## What you have to do
Repeat verbatim, and only, the lines of the data below, beginning at the line that contains "text \<open>" and stopping after the line that contains "lies in I1': using".

Collected data:

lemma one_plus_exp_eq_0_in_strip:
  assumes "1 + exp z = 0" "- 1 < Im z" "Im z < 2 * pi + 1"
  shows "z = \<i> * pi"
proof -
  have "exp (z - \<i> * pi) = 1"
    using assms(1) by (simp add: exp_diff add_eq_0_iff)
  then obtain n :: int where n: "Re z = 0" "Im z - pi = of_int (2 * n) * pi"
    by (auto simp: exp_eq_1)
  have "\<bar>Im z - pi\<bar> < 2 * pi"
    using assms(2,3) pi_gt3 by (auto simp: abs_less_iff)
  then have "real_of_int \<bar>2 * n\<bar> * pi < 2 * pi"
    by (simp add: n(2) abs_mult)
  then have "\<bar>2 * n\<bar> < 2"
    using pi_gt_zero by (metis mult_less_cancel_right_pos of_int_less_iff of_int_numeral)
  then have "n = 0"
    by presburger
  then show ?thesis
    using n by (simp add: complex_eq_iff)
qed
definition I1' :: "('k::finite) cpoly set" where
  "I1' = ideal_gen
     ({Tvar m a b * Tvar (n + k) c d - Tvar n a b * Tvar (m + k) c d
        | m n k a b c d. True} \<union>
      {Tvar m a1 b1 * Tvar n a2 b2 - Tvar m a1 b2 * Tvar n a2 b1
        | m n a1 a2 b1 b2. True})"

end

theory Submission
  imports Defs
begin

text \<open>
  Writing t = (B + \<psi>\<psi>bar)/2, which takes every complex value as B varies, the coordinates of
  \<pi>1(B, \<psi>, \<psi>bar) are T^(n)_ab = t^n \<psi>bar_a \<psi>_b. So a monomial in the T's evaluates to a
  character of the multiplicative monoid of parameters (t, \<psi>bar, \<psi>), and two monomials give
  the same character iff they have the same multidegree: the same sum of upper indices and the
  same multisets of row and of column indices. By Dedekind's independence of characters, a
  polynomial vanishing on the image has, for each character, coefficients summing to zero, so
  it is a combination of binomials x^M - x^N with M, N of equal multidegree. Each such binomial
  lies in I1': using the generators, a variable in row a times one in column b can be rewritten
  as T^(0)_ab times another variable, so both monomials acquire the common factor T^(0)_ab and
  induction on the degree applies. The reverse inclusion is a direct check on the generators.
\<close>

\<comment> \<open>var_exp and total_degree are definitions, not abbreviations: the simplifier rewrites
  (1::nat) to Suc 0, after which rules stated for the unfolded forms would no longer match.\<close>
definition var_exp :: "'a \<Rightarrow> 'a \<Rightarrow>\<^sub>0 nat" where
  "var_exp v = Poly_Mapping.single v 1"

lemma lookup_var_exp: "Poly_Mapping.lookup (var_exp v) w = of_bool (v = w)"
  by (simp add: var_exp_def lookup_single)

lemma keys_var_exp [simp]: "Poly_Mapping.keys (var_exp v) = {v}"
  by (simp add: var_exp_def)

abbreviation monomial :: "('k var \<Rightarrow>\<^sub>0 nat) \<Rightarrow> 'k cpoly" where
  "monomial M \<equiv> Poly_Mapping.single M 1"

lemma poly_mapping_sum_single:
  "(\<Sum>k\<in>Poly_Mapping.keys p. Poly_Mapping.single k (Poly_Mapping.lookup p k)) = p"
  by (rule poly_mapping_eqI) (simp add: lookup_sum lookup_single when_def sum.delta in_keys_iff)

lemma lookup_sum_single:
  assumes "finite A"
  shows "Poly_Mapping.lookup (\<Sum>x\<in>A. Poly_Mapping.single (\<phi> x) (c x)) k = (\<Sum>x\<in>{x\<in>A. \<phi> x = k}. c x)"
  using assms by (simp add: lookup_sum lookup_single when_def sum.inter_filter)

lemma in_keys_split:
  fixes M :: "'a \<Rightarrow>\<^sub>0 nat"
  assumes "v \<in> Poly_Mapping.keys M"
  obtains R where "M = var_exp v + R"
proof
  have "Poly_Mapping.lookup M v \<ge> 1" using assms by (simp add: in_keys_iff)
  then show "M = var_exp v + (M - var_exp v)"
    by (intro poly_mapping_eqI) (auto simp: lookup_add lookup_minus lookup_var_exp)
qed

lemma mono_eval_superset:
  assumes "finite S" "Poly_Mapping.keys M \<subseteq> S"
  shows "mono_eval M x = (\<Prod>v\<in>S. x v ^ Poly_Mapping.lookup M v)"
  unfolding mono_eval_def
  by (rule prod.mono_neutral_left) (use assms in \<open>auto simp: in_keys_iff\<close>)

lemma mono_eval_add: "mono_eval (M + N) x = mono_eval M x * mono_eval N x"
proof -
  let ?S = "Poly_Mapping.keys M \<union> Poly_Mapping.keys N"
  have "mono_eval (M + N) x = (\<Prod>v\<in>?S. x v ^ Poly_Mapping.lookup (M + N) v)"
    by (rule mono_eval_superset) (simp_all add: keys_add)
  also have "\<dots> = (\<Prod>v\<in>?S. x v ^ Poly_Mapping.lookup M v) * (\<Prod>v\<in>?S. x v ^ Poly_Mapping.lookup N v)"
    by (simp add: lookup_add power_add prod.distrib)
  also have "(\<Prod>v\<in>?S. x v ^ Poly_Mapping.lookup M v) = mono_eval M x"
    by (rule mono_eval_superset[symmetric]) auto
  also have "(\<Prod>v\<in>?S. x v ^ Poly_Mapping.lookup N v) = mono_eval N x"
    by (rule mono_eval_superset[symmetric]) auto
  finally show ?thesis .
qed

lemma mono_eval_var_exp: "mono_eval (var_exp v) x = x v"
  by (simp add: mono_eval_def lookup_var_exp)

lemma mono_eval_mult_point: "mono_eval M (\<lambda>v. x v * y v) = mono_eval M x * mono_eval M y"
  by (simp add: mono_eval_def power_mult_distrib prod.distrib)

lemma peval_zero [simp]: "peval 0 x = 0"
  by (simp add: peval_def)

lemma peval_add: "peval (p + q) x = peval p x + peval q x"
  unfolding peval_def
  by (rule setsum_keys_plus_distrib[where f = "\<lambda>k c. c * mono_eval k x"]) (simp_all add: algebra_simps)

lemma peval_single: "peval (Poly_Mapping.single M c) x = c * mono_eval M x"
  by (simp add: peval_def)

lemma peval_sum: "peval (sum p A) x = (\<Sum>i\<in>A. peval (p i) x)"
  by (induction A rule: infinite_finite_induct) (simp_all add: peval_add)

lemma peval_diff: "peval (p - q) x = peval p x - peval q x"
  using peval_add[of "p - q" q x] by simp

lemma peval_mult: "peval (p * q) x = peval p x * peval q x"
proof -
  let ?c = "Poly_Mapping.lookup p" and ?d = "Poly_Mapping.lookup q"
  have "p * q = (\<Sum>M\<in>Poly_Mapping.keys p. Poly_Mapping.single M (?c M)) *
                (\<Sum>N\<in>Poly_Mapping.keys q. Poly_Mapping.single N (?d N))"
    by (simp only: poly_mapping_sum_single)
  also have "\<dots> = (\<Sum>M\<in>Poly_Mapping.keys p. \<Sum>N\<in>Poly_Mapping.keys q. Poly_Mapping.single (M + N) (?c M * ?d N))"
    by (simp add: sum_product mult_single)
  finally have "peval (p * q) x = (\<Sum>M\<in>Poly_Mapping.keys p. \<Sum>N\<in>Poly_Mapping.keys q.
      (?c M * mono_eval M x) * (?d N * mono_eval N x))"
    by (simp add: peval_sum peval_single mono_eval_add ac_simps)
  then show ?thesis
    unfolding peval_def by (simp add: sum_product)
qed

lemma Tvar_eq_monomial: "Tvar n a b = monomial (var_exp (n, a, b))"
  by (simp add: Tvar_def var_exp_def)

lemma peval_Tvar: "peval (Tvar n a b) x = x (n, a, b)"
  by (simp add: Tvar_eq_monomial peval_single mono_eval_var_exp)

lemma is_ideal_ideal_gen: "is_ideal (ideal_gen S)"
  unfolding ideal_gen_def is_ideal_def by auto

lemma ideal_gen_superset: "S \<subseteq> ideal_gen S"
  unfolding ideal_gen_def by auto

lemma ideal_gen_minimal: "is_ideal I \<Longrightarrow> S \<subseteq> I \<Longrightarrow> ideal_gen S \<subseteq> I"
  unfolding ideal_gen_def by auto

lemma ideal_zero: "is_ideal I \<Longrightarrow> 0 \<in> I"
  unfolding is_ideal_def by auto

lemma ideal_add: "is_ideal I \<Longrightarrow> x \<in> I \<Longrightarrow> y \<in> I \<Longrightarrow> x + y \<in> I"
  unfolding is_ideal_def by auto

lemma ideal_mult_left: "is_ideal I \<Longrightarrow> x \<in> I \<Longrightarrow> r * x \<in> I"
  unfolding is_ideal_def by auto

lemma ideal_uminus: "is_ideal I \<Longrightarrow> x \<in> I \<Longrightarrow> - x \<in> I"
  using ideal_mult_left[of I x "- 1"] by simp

## Problem solution
text \<open>
  Writing t = (B + \<psi>\<psi>bar)/2, which takes every complex value as B varies, the coordinates of
  \<pi>1(B, \<psi>, \<psi>bar) are T^(n)_ab = t^n \<psi>bar_a \<psi>_b. So a monomial in the T's evaluates to a
  character of the multiplicative monoid of parameters (t, \<psi>bar, \<psi>), and two monomials give
  the same character iff they have the same multidegree: the same sum of upper indices and the
  same multisets of row and of column indices. By Dedekind's independence of characters, a
  polynomial vanishing on the image has, for each character, coefficients summing to zero, so
  it is a combination of binomials x^M - x^N with M, N of equal multidegree. Each such binomial
  lies in I1': using the generators, a variable in row a times one in column b can be rewritten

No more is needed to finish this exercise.